==== ENTRIES SHOWN
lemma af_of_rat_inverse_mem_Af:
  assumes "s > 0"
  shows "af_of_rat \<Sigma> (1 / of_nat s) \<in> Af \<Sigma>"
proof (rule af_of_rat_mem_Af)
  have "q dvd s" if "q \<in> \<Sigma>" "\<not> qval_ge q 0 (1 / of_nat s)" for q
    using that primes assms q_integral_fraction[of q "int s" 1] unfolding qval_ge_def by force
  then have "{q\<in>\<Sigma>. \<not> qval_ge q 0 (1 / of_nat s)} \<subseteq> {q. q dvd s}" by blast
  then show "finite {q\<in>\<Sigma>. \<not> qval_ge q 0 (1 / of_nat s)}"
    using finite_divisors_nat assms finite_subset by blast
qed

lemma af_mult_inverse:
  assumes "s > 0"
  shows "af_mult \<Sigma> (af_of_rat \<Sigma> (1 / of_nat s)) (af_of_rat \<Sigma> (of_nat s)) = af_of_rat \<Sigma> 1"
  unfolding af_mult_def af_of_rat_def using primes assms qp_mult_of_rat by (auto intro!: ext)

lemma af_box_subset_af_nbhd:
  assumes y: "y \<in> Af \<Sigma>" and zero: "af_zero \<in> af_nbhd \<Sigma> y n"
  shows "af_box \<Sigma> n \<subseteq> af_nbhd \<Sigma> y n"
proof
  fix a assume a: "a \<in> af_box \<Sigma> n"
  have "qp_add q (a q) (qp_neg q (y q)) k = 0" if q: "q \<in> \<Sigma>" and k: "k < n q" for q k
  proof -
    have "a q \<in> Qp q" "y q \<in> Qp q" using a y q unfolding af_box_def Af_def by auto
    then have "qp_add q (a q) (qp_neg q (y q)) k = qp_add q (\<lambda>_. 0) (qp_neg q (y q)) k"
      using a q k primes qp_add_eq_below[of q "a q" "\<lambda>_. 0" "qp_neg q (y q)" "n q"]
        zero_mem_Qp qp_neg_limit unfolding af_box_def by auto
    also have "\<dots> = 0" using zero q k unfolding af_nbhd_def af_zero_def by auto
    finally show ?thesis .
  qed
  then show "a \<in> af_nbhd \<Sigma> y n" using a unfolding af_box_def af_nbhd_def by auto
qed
========
==== ENTRIES SHOWN
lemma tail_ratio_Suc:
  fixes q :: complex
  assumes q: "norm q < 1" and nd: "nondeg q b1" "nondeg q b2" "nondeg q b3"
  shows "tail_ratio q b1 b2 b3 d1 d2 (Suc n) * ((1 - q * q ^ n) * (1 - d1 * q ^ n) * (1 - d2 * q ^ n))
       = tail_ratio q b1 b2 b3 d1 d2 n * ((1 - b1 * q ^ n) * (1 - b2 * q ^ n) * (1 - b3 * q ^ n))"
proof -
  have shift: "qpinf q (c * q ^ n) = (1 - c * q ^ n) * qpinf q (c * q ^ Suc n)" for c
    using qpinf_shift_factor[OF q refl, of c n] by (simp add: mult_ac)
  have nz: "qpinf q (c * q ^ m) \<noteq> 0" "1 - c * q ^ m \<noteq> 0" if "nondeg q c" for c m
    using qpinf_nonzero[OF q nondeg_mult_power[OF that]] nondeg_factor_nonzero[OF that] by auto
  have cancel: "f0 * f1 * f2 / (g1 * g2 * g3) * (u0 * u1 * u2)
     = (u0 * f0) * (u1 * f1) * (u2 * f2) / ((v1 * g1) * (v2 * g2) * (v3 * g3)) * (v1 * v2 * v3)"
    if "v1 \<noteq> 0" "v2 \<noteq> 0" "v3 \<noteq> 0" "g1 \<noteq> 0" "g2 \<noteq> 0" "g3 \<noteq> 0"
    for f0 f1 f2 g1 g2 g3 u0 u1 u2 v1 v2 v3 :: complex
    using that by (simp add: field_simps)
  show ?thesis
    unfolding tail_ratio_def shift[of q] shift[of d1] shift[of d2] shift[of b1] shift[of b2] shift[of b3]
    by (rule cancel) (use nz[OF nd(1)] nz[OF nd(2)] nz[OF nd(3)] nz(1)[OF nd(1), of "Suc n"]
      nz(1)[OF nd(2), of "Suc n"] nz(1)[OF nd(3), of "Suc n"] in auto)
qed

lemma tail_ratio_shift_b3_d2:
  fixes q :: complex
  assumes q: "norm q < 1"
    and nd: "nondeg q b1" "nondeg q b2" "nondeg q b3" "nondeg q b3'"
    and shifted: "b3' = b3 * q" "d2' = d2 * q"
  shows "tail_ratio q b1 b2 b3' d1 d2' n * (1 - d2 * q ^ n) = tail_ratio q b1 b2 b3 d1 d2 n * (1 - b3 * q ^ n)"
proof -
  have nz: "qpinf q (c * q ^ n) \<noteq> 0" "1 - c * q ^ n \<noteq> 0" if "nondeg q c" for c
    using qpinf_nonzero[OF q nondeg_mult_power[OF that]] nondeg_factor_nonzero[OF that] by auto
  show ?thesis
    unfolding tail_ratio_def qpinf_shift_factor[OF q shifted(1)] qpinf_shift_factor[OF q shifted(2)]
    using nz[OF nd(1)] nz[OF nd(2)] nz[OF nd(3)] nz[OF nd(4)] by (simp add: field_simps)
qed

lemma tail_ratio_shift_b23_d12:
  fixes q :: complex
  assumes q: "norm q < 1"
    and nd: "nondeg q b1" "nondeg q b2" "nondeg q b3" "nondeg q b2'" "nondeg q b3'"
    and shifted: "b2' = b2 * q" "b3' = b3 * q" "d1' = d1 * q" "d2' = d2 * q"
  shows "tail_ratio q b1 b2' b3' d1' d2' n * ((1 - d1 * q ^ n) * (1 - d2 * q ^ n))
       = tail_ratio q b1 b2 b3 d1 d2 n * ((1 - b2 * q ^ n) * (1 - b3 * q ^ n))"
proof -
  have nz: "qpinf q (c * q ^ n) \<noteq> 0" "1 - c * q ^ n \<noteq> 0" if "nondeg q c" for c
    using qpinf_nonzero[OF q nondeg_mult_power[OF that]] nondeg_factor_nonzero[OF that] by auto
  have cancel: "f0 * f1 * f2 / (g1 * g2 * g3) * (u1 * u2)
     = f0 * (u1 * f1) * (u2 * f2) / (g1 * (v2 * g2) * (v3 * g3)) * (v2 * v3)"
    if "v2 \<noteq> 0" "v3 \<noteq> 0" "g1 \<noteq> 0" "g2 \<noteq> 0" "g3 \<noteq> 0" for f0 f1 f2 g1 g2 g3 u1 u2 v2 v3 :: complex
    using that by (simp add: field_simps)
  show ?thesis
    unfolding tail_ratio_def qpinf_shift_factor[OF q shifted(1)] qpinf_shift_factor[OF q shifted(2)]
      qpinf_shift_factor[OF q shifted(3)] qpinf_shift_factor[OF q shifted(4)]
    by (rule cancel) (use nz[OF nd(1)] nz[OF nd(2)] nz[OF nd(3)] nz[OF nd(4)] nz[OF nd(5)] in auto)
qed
========
◆ WORK INSTRUCTION
Copy each line of the listing that carries the word "blast".

◆ OUTPUT OF THE EXERCISE
  then have "{q\<in>\<Sigma>. \<not> qval_ge q 0 (1 / of_nat s)} \<subseteq> {q. q dvd s}" by blast
    using finite_divisors_nat assms finite_subset by blast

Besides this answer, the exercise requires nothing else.